A Theoretical Investigation on CO Oxidation by Single-Atom Catalysts M₁/γ-Al₂O₃ (M=Pd, Fe, Co, and Ni)

Single-atom catalysts have attracted much interest recently because of their excellent stability, high catalytic activity, and remarkable atom efficiency. Inspired by the recent experimental discovery of a highly efficient single-atom catalyst Pd₁/γ-Al₂O₃, we conducted a comprehensive DFT study on geometries, stabilities and CO oxidation catalytic activities of M₁/γ-Al₂O₃ (M=Pd, Fe, Co, and Ni) by using slab-model. One of the most important results here is that Ni₁/Al₂O₃ catalyst exhibits higher activity in CO oxidation than Pd₁/Al₂O₃. The CO oxidation occurs through the Mars van Krevelen mechanism, the rate-determining step of which is the generation of CO₂ from CO through abstraction of surface oxygen.
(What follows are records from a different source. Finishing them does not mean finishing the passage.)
text \<open>
  With \<open>b = 0\<close> the operator is \<open>T g = f + A g\<close> with \<open>A\<close> linear, so \<open>f *\<^sub>T 0 = (I - A)\<^sup>-\<^sup>1 f\<close>.
  Substituting \<open>s = L\<^sub>n\<^sup>-\<^sup>1 t\<close> on each piece \<open>I\<^sub>n\<close> and using that the relative lengths of
  the pieces sum to 1 gives \<open>\<parallel>A g\<parallel> \<le> \<Lambda> \<parallel>g\<parallel>\<close>, hence \<open>I - A\<close> is invertible with inverse the Neumann
  series \<open>U = \<Sum>\<^sub>k A\<^sup>k\<close>, and \<open>\<parallel>U\<parallel> \<le> 1/(1 - \<Lambda>)\<close>, \<open>\<parallel>I - A\<parallel> \<le> 2\<close>. Thus \<open>(f\<^sub>m *\<^sub>T 0) = (U f\<^sub>m)\<close> is the
  image of an orthonormal basis under a bounded invertible operator, with norms in \<open>[1/2, 2]\<close>.
  As functions are handled through representatives, \<open>U g\<close> is summed pointwise: the series
  converges almost everywhere because \<open>\<Sum>\<^sub>k \<Lambda>\<^sup>-\<^sup>k \<bar>A\<^sup>k g\<bar>\<^sup>2\<close> is integrable, and a weighted
  Cauchy--Schwarz inequality bounds \<open>\<bar>U g\<bar>\<^sup>2\<close> by \<open>1/(1 - \<Lambda>)\<close> times that sum.
\<close>

lemma summable_and_square_suminf_le:
  fixes c :: "nat \<Rightarrow> real" and r :: real
  assumes r: "0 < r" "r < 1" and s: "summable (\<lambda>k. (c k)\<^sup>2 / r ^ k)"
  shows "summable c" and "(suminf c)\<^sup>2 \<le> (\<Sum>k. (c k)\<^sup>2 / r ^ k) / (1 - r)"
proof -
  have geom: "summable (\<lambda>k. r ^ k)" using r by (simp add: summable_geometric)
  have amgm: "norm (c k) \<le> (r ^ k + (c k)\<^sup>2 / r ^ k) / 2" for k
  proof -
    have rk: "r ^ k > 0" using r by simp
    have "0 \<le> (r ^ k - \<bar>c k\<bar>)\<^sup>2" by simp
    then have "2 * \<bar>c k\<bar> * r ^ k \<le> (r ^ k)\<^sup>2 + (c k)\<^sup>2"
      by (simp add: power2_diff mult_ac)
    then have "2 * \<bar>c k\<bar> \<le> ((r ^ k)\<^sup>2 + (c k)\<^sup>2) / r ^ k"
      using rk by (simp add: pos_le_divide_eq)
    also have "\<dots> = r ^ k + (c k)\<^sup>2 / r ^ k"
      using rk by (simp add: power2_eq_square add_divide_distrib)
    finally show ?thesis by simp
  qed
  show sc: "summable c"
    by (rule summable_comparison_test[OF _ summable_divide[OF summable_add[OF geom s], of 2]])
      (use amgm in auto)
  have partial: "(\<Sum>k<n. c k)\<^sup>2 \<le> (\<Sum>k. (c k)\<^sup>2 / r ^ k) / (1 - r)" for n
  proof -
    have split: "c k = sqrt (r ^ k) * (c k / sqrt (r ^ k))" for k
      using r by simp
    have "(\<Sum>k<n. c k)\<^sup>2 = (\<Sum>k<n. sqrt (r ^ k) * (c k / sqrt (r ^ k)))\<^sup>2"
      by (subst split) simp
    also have "\<dots> \<le> (\<Sum>k<n. (sqrt (r ^ k))\<^sup>2) * (\<Sum>k<n. (c k / sqrt (r ^ k))\<^sup>2)"
      by (rule Cauchy_Schwarz_ineq_sum)
    also have "\<dots> = (\<Sum>k<n. r ^ k) * (\<Sum>k<n. (c k)\<^sup>2 / r ^ k)"
      using r by (simp add: power_divide)
    also have "\<dots> \<le> (\<Sum>k. r ^ k) * (\<Sum>k. (c k)\<^sup>2 / r ^ k)"
      using r by (intro mult_mono sum_le_suminf geom s sum_nonneg suminf_nonneg) auto
    also have "\<dots> = (\<Sum>k. (c k)\<^sup>2 / r ^ k) / (1 - r)"
      using r by (simp add: suminf_geometric)
    finally show ?thesis .
  qed
  have "(\<lambda>n. (\<Sum>k<n. c k)\<^sup>2) \<longlonglongrightarrow> (suminf c)\<^sup>2"
    by (intro tendsto_power summable_LIMSEQ sc)
  then show "(suminf c)\<^sup>2 \<le> (\<Sum>k. (c k)\<^sup>2 / r ^ k) / (1 - r)"
    by (rule LIMSEQ_le_const2) (use partial in auto)
qed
The projected density of states (PDOS) of 2p orbitals of the surface O, the structure of CO-adsorbed surface, charge polarization of CO and charge transfer from CO to surface are important factors for these catalysts. Although the binding energies of Fe and Co with Al₂O₃ are very large, those of Pd and Ni are small, indicating that the neighboring O atom is not strongly bound to Pd and Ni, which leads to an enhancement of the reactivity of the O atom toward CO. The metal oxidation state is suggested to be one of the crucial factors for the observed catalytic activity.